Which begs the question: If content has no value, then why are we creating it? Why are so many online marketers rushing to create blogs, forums, videos, tweets, etc. — in other words, content?
Because while some content has lost value, but other content has become more valuable.
1. Generic mass-market content has lost value. Look at what you see on Yahoo!
Yes, we’ve all seen this somewhere else already. (Well, maybe not the one about the woman who called her ex-boyfriend 65,000 times…) That’s why it has less value.
2. Niche content has become more valuable. Because people looking for your niche content could actually find it now.
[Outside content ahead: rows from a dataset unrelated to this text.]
(* Let $(F,d)$ be a $\sigma$-compact metric space whose Borel $\sigma$-algebra makes it a standard Borel space, and let $\mathcal{N}$ be a Radon measure on $F$. Let $R>0$ and let $p\in L^1_{\mathcal{N}}$ be continuous. Let $\hat y$ lie in the interior of $\mathrm{Supp}(\mathcal{N})$, and assume $y\mapsto\exp(-a\,d_R^2(y,\hat y))\in L^1_{\mathcal{N}}$ for every $a>0$. Then $$\int_F\frac{e^{-a\,d_R(y,\hat y)^2}}{\int_F e^{-a\,d(y',\hat y)^2}\,d\mathcal{N}(y')}\,p(y)\,d\mathcal{N}(y)\xrightarrow[a\to\infty]{}p(\hat y).$$
   Context: $d_R=\min(d,R)$. $\mathrm{Supp}(\mathcal{N})$ is the complement of the union of all $\mathcal{N}$-null open sets. *)

theory Defs
  imports "HOL-Analysis.Analysis"
begin

definition standard_borel_space :: "'a measure \<Rightarrow> bool" where
  "standard_borel_space M \<longleftrightarrow>
     (\<exists>T :: 'a topology. topspace T = space M \<and> completely_metrizable_space T
        \<and> separable_space T \<and> sets M = sigma_sets (space M) {U. openin T U})"

definition sigma_compact_space :: "'a::topological_space itself \<Rightarrow> bool" where
  "sigma_compact_space _ \<longleftrightarrow>
     (\<exists>K :: nat \<Rightarrow> 'a set. (\<forall>n. compact (K n)) \<and> (\<Union>n. K n) = UNIV)"

definition radon_measure :: "'a::topological_space measure \<Rightarrow> bool" where
  "radon_measure N \<longleftrightarrow>
     sets N = sets borel
     \<and> (\<forall>x. \<exists>U. open U \<and> x \<in> U \<and> emeasure N U < \<infinity>)
     \<and> (\<forall>A\<in>sets borel. emeasure N A = (SUP K\<in>{K. compact K \<and> K \<subseteq> A}. emeasure N K))"

definition measure_support :: "'a::topological_space measure \<Rightarrow> 'a set" where
  "measure_support N = - \<Union>{U. open U \<and> U \<in> sets N \<and> emeasure N U = 0}"

end

theory Submission
  imports Defs
begin

text \<open>Let \<open>Z a = \<integral> exp (- a d(y,yhat)\<^sup>2) dN(y)\<close> be the normaliser. On the ball of radius
  \<open>\<delta> \<le> R\<close> around \<open>yhat\<close> the truncation \<open>d\<^sub>R\<close> is inactive and \<open>|p - p yhat| \<le> \<epsilon>\<close>, so the
  numerator differs from \<open>p yhat \<cdot> Z a\<close> by at most \<open>\<epsilon> Z a\<close> plus a tail of size
  \<open>O(exp (- a \<delta>\<^sup>2))\<close>. Since \<open>yhat\<close> lies in the support, \<open>Z a \<ge> exp (- a \<eta>\<^sup>2) N(B(yhat,\<eta>))\<close>
  with \<open>N(B(yhat,\<eta>)) > 0\<close>, so for \<open>\<eta> < \<delta>\<close> the relative tail vanishes as \<open>a \<rightarrow> \<infinity>\<close>.
  Integrability of \<open>exp (- d\<^sub>R\<^sup>2) \<ge> exp (- R\<^sup>2)\<close> forces \<open>N\<close> to be finite.\<close>

lemma finite_measure_of_integrable_bounded_below:
  fixes f :: "'a \<Rightarrow> real"
  assumes f: "integrable M f" and c: "c > 0" and bound: "\<And>x. x \<in> space M \<Longrightarrow> c \<le> f x"
  shows "finite_measure M"
proof
  have "ennreal c * emeasure M (space M) = (\<integral>\<^sup>+ x. ennreal c \<partial>M)"
    by simp
  also have "\<dots> \<le> (\<integral>\<^sup>+ x. ennreal (f x) \<partial>M)"
    using bound by (intro nn_integral_mono ennreal_leI)
  also have "\<dots> < \<infinity>"
    using integrableD(2)[OF f] by (simp add: less_top)
  finally show "emeasure M (space M) \<noteq> \<infinity>"
    using c by (auto simp: ennreal_mult_less_top)
qed

lemma emeasure_open_neq_0_if_in_support:
  assumes "x \<in> measure_support N" "open U" "U \<in> sets N" "x \<in> U"
  shows "emeasure N U \<noteq> 0"
  using assms unfolding measure_support_def by blast

lemma borel_measurable_continuous_on_UNIV:
  assumes "sets N = sets borel" "continuous_on UNIV f"
  shows "f \<in> borel_measurable N"
  using borel_measurable_continuous_onI[OF assms(2)] measurable_cong_sets[OF assms(1) refl]
  by blast

lemma integrable_continuous_bounded:
  fixes f :: "'a::topological_space \<Rightarrow> real"
  assumes "finite_measure M" "sets M = sets borel" "continuous_on UNIV f" "\<And>x. \<bar>f x\<bar> \<le> B"
  shows "integrable M f"
proof -
  interpret finite_measure M by fact
  show ?thesis
    using assms
    by (intro integrable_const_bound[where B = B] AE_I2 borel_measurable_continuous_on_UNIV) auto
qed

lemma truncated_gauss_diff_bound:
  fixes a d R \<delta> \<epsilon> u v :: real
  assumes a: "a \<ge> 0" and \<delta>: "0 \<le> \<delta>" "\<delta> \<le> R" and \<epsilon>: "\<epsilon> \<ge> 0"
    and near: "d < \<delta> \<Longrightarrow> \<bar>u - v\<bar> \<le> \<epsilon>"
  shows "\<bar>exp (- a * (min d R)\<^sup>2) * u - exp (- a * d\<^sup>2) * v\<bar>
           \<le> \<epsilon> * exp (- a * d\<^sup>2) + exp (- a * \<delta>\<^sup>2) * (\<bar>u\<bar> + \<bar>v\<bar>)"
proof (cases "d < \<delta>")
  case True
  then have "min d R = d" using \<delta> by simp
  then have "\<bar>exp (- a * (min d R)\<^sup>2) * u - exp (- a * d\<^sup>2) * v\<bar> = exp (- a * d\<^sup>2) * \<bar>u - v\<bar>"
    by (simp add: right_diff_distrib[symmetric] abs_mult)
  also have "\<dots> \<le> \<epsilon> * exp (- a * d\<^sup>2)"
    using near[OF True] by simp
  finally show ?thesis
    by (smt (verit) exp_gt_zero abs_ge_zero mult_nonneg_nonneg)
next
  case False
  then have "\<delta>\<^sup>2 \<le> (min d R)\<^sup>2" "\<delta>\<^sup>2 \<le> d\<^sup>2"
    using \<delta> by (auto intro!: power_mono)
  then have trunc: "exp (- a * (min d R)\<^sup>2) \<le> exp (- a * \<delta>\<^sup>2)"
    and full: "exp (- a * d\<^sup>2) \<le> exp (- a * \<delta>\<^sup>2)"
    using a by (auto intro!: mult_left_mono)
  have "\<bar>exp (- a * (min d R)\<^sup>2) * u - exp (- a * d\<^sup>2) * v\<bar>
          \<le> exp (- a * (min d R)\<^sup>2) * \<bar>u\<bar> + exp (- a * d\<^sup>2) * \<bar>v\<bar>"
    by (rule order_trans[OF abs_triangle_ineq4]) (simp add: abs_mult)
  also have "\<dots> \<le> exp (- a * \<delta>\<^sup>2) * (\<bar>u\<bar> + \<bar>v\<bar>)"
    using trunc full by (simp add: distrib_left add_mono mult_right_mono)
  finally show ?thesis
    using \<epsilon> by (smt (verit) exp_gt_zero mult_nonneg_nonneg)
qed

lemma gauss_integral_ge_ball:
  fixes c :: "'a::metric_space"
  assumes fin: "finite_measure M" and sets: "sets M = sets borel" and a: "a \<ge> 0"
  shows "exp (- a * \<eta>\<^sup>2) * measure M (ball c \<eta>) \<le> (\<integral>y. exp (- a * (dist y c)\<^sup>2) \<partial>M)"
proof -
  interpret finite_measure M by (rule fin)
  have "space M = UNIV"
    using sets_eq_imp_space_eq[OF sets] by simp
  then have "exp (- a * \<eta>\<^sup>2) * measure M (ball c \<eta>)
               = (\<integral>y. exp (- a * \<eta>\<^sup>2) * indicator (ball c \<eta>) y \<partial>M)"
    by simp
  also have "\<dots> \<le> (\<integral>y. exp (- a * (dist y c)\<^sup>2) \<partial>M)"
  proof (rule integral_mono)
    show "integrable M (\<lambda>y. exp (- a * \<eta>\<^sup>2) * indicator (ball c \<eta>) y)"
      using sets by (intro integrable_mult_right integrable_real_indicator) (auto simp: less_top[symmetric])
    show "integrable M (\<lambda>y. exp (- a * (dist y c)\<^sup>2))"
      using fin sets a by (intro integrable_continuous_bounded[where B = 1] continuous_intros) auto
    fix y
    have "(dist y c)\<^sup>2 \<le> \<eta>\<^sup>2" if "y \<in> ball c \<eta>"
      using that by (intro power_mono) (auto simp: dist_commute)
    then show "exp (- a * \<eta>\<^sup>2) * indicator (ball c \<eta>) y \<le> exp (- a * (dist y c)\<^sup>2)"
      using a by (auto simp: indicator_def intro: mult_left_mono)
  qed
  finally show ?thesis .
qed

lemma truncated_gauss_integral_error:
  fixes c :: "'a::metric_space" and p :: "'a \<Rightarrow> real"
  assumes fin: "finite_measure M" and sets: "sets M = sets borel" and p: "integrable M p"
    and a: "a \<ge> 0" and \<delta>: "0 \<le> \<delta>" "\<delta> \<le> R" and \<epsilon>: "\<epsilon> \<ge> 0"
    and near: "\<And>y. dist y c < \<delta> \<Longrightarrow> \<bar>p y - p c\<bar> \<le> \<epsilon>"
  defines "Z \<equiv> \<integral>y. exp (- a * (dist y c)\<^sup>2) \<partial>M"
  shows "\<bar>(\<integral>y. exp (- a * (min (dist y c) R)\<^sup>2) * p y \<partial>M) - p c * Z\<bar>
           \<le> \<epsilon> * Z + exp (- a * \<delta>\<^sup>2) * ((\<integral>y. \<bar>p y\<bar> \<partial>M) + \<bar>p c\<bar> * measure M (space M))"
proof -
  interpret finite_measure M by (rule fin)
  define E1 where "E1 y = exp (- a * (min (dist y c) R)\<^sup>2)" for y
  define E2 where "E2 y = exp (- a * (dist y c)\<^sup>2)" for y
  have E1: "integrable M (\<lambda>y. E1 y * p y)"
  proof (rule Bochner_Integration.integrable_bound[OF p])
    have "E1 \<in> borel_measurable M"
      unfolding E1_def using sets by (intro borel_measurable_continuous_on_UNIV continuous_intros)
    then show "(\<lambda>y. E1 y * p y) \<in> borel_measurable M"
      using p by measurable
    show "AE y in M. norm (E1 y * p y) \<le> norm (p y)"
      using a by (intro AE_I2) (auto simp: E1_def abs_mult intro!: mult_left_le_one_le)
  qed
  have E2: "integrable M E2"
    unfolding E2_def using fin sets a
    by (intro integrable_continuous_bounded[where B = 1] continuous_intros) auto
  have Z: "Z = integral\<^sup>L M E2"
    unfolding Z_def E2_def[abs_def] ..
  have "\<bar>(\<integral>y. E1 y * p y \<partial>M) - p c * Z\<bar> = \<bar>\<integral>y. E1 y * p y - E2 y * p c \<partial>M\<bar>"
    using E1 E2 by (simp add: Z mult.commute)
  also have "\<dots> \<le> (\<integral>y. \<bar>E1 y * p y - E2 y * p c\<bar> \<partial>M)"
    using integral_norm_bound[of M "\<lambda>y. E1 y * p y - E2 y * p c"] by simp
  also have "\<dots> \<le> (\<integral>y. \<epsilon> * E2 y + exp (- a * \<delta>\<^sup>2) * (\<bar>p y\<bar> + \<bar>p c\<bar>) \<partial>M)"
    using E1 E2 p a \<delta> \<epsilon> near unfolding E1_def E2_def
    by (intro integral_mono truncated_gauss_diff_bound) auto
  also have "\<dots> = \<epsilon> * Z + exp (- a * \<delta>\<^sup>2) * ((\<integral>y. \<bar>p y\<bar> \<partial>M) + \<bar>p c\<bar> * measure M (space M))"
    using E2 p by (simp add: Z algebra_simps)
  finally show ?thesis
    by (simp add: E1_def)
qed

lemma truncated_gauss_average_tendsto:
  fixes N :: "'a::metric_space measure" and p :: "'a \<Rightarrow> real"
  assumes fin: "finite_measure N" and sets: "sets N = sets borel"
    and p: "integrable N p" and cont: "isCont p c"
    and supp: "c \<in> measure_support N" and R: "R > 0"
  shows "((\<lambda>a. \<integral>y. exp (- a * (min (dist y c) R)\<^sup>2)
                  / (\<integral>y'. exp (- a * (dist y' c)\<^sup>2) \<partial>N) * p y \<partial>N) \<longlongrightarrow> p c) at_top"
proof (rule tendstoI)
  interpret finite_measure N by (rule fin)
  fix e :: real
  assume "e > 0"
  define \<epsilon> where "\<epsilon> = e / 2"
  have \<epsilon>: "\<epsilon> > 0"
    using \<open>e > 0\<close> by (simp add: \<epsilon>_def)
  obtain \<delta>\<^sub>0 where "\<delta>\<^sub>0 > 0" and near\<^sub>0: "\<And>y. dist y c < \<delta>\<^sub>0 \<Longrightarrow> \<bar>p y - p c\<bar> \<le> \<epsilon>"
    using cont \<epsilon> unfolding continuous_at_eps_delta dist_real_def by (meson less_imp_le)
  define \<delta> where "\<delta> = min \<delta>\<^sub>0 R"
  define \<eta> where "\<eta> = \<delta> / 2"
  have \<delta>: "0 < \<delta>" "\<delta> \<le> R" and \<eta>: "0 < \<eta>" "\<eta> < \<delta>"
    using \<open>\<delta>\<^sub>0 > 0\<close> R by (auto simp: \<delta>_def \<eta>_def)
  have near: "\<And>y. dist y c < \<delta> \<Longrightarrow> \<bar>p y - p c\<bar> \<le> \<epsilon>"
    using near\<^sub>0 by (simp add: \<delta>_def)
  define m where "m = measure N (ball c \<eta>)"
  have "emeasure N (ball c \<eta>) \<noteq> 0"
    using supp sets \<eta> by (intro emeasure_open_neq_0_if_in_support) auto
  then have m: "m > 0"
    by (simp add: m_def emeasure_eq_measure zero_less_measure_iff)
  define C where "C = (\<integral>y. \<bar>p y\<bar> \<partial>N) + \<bar>p c\<bar> * measure N (space N)"
  define k where "k = \<delta>\<^sup>2 - \<eta>\<^sup>2"
  have k: "k > 0"
    using \<eta> by (simp add: k_def power_strict_mono)
  have "((\<lambda>a. C / m * exp (- (k * a))) \<longlongrightarrow> 0) at_top"
    using k by real_asymp
  then have tail: "eventually (\<lambda>a. C / m * exp (- (k * a)) < \<epsilon>) at_top"
    using \<epsilon> by (rule order_tendstoD)
  show "eventually (\<lambda>a. dist (\<integral>y. exp (- a * (min (dist y c) R)\<^sup>2)
                  / (\<integral>y'. exp (- a * (dist y' c)\<^sup>2) \<partial>N) * p y \<partial>N) (p c) < e) at_top"
    using tail eventually_gt_at_top[of 0]
  proof eventually_elim
    case (elim a)
    define Z where "Z = (\<integral>y. exp (- a * (dist y c)\<^sup>2) \<partial>N)"
    have Z: "exp (- a * \<eta>\<^sup>2) * m \<le> Z"
      unfolding Z_def m_def using fin sets elim by (intro gauss_integral_ge_ball) auto
    then have "Z > 0"
      using m by (smt (verit) exp_gt_zero mult_pos_pos)
    have err: "\<bar>(\<integral>y. exp (- a * (min (dist y c) R)\<^sup>2) * p y \<partial>N) - p c * Z\<bar>
                 \<le> \<epsilon> * Z + exp (- a * \<delta>\<^sup>2) * C"
      unfolding Z_def C_def using fin sets p elim \<delta> \<epsilon> near
      by (intro truncated_gauss_integral_error) auto
    have "exp (- a * \<delta>\<^sup>2) = exp (- (k * a)) * exp (- a * \<eta>\<^sup>2)"
      by (simp add: k_def exp_add[symmetric] algebra_simps)
    then have decay: "exp (- a * \<delta>\<^sup>2) * C / (exp (- a * \<eta>\<^sup>2) * m) = C / m * exp (- (k * a))"
      using m by (simp add: field_simps)
    have "(\<integral>y. exp (- a * (min (dist y c) R)\<^sup>2) / Z * p y \<partial>N)
            = (\<integral>y. exp (- a * (min (dist y c) R)\<^sup>2) * p y \<partial>N) / Z"
      by simp
    then have "dist (\<integral>y. exp (- a * (min (dist y c) R)\<^sup>2) / Z * p y \<partial>N) (p c)
            = \<bar>(\<integral>y. exp (- a * (min (dist y c) R)\<^sup>2) * p y \<partial>N) - p c * Z\<bar> / Z"
      using \<open>Z > 0\<close> by (simp add: dist_real_def field_simps)
    also have "\<dots> \<le> \<epsilon> + exp (- a * \<delta>\<^sup>2) * C / Z"
      using err \<open>Z > 0\<close> by (simp add: field_simps)
    also have "\<dots> \<le> \<epsilon> + exp (- a * \<delta>\<^sup>2) * C / (exp (- a * \<eta>\<^sup>2) * m)"
      using Z m \<open>Z > 0\<close> C_def by (intro add_left_mono divide_left_mono mult_nonneg_nonneg) auto
    also have "\<dots> = \<epsilon> + C / m * exp (- (k * a))"
      by (simp only: decay)
    also have "\<dots> < e"
      using elim(1) unfolding \<epsilon>_def by linarith
    finally show ?case
      by (simp add: Z_def)
  qed
qed

theorem lemmaB2:
  fixes N :: "'a::metric_space measure"
    and p :: "'a \<Rightarrow> real"
    and R :: real
    and yhat :: 'a
  assumes sigma_compact: "sigma_compact_space TYPE('a)"
    and std_borel: "standard_borel_space (borel :: 'a measure)"
    and radon: "radon_measure N"
    and R_pos: "R > 0"
    and p_int: "integrable N p"
    and p_cont: "continuous_on UNIV p"
    and yhat_int: "yhat \<in> interior (measure_support N)"
    and gauss_int: "\<And>a. a > 0 \<Longrightarrow>
          integrable N (\<lambda>y. exp (- a * (min (dist y yhat) R)\<^sup>2))"
  shows "((\<lambda>a. \<integral>y. exp (- a * (min (dist y yhat) R)\<^sup>2)
                  / (\<integral>y'. exp (- a * (dist y' yhat)\<^sup>2) \<partial>N) * p y \<partial>N)
          \<longlongrightarrow> p yhat) at_top"
proof (rule truncated_gauss_average_tendsto)
  show sets: "sets N = sets borel"
    using radon by (simp add: radon_measure_def)
  have "exp (- R\<^sup>2) \<le> exp (- 1 * (min (dist y yhat) R)\<^sup>2)" for y
    using R_pos by (simp add: power_mono)
  then show "finite_measure N"
    using gauss_int[of 1] by (intro finite_measure_of_integrable_bounded_below[where c = "exp (- R\<^sup>2)"]) auto
  show "isCont p yhat"
    using p_cont by (simp add: continuous_on_eq_continuous_at)
  show "yhat \<in> measure_support N"
    using yhat_int interior_subset by blast
qed (use p_int R_pos in auto)

end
3. Actionable content has become more valuable. The web has shortened the distance from content to action. In the old days, you saw an ad, called an 800 number, and waited for something in the mail. By the time you got it, you might have forgotten what it was all about. Nowadays, if you see something on the web you like, you can take action immediately: download it, buy it, get a quote. The conversion funnel is shorter and faster. Fewer people are dropping out along the way. Therefore, the content must be more valuable now.
As an example, maybe writing about the President’s job speech tonight won’t get you much, but tips on how to get a job must be worth a lot these days, or why would I find all these results on Google for “java developer interview questions and answers”?
What you’re seeing is an example of market economics at work: Niche, actionable content has increased in value at the expense of generic, mass-market content.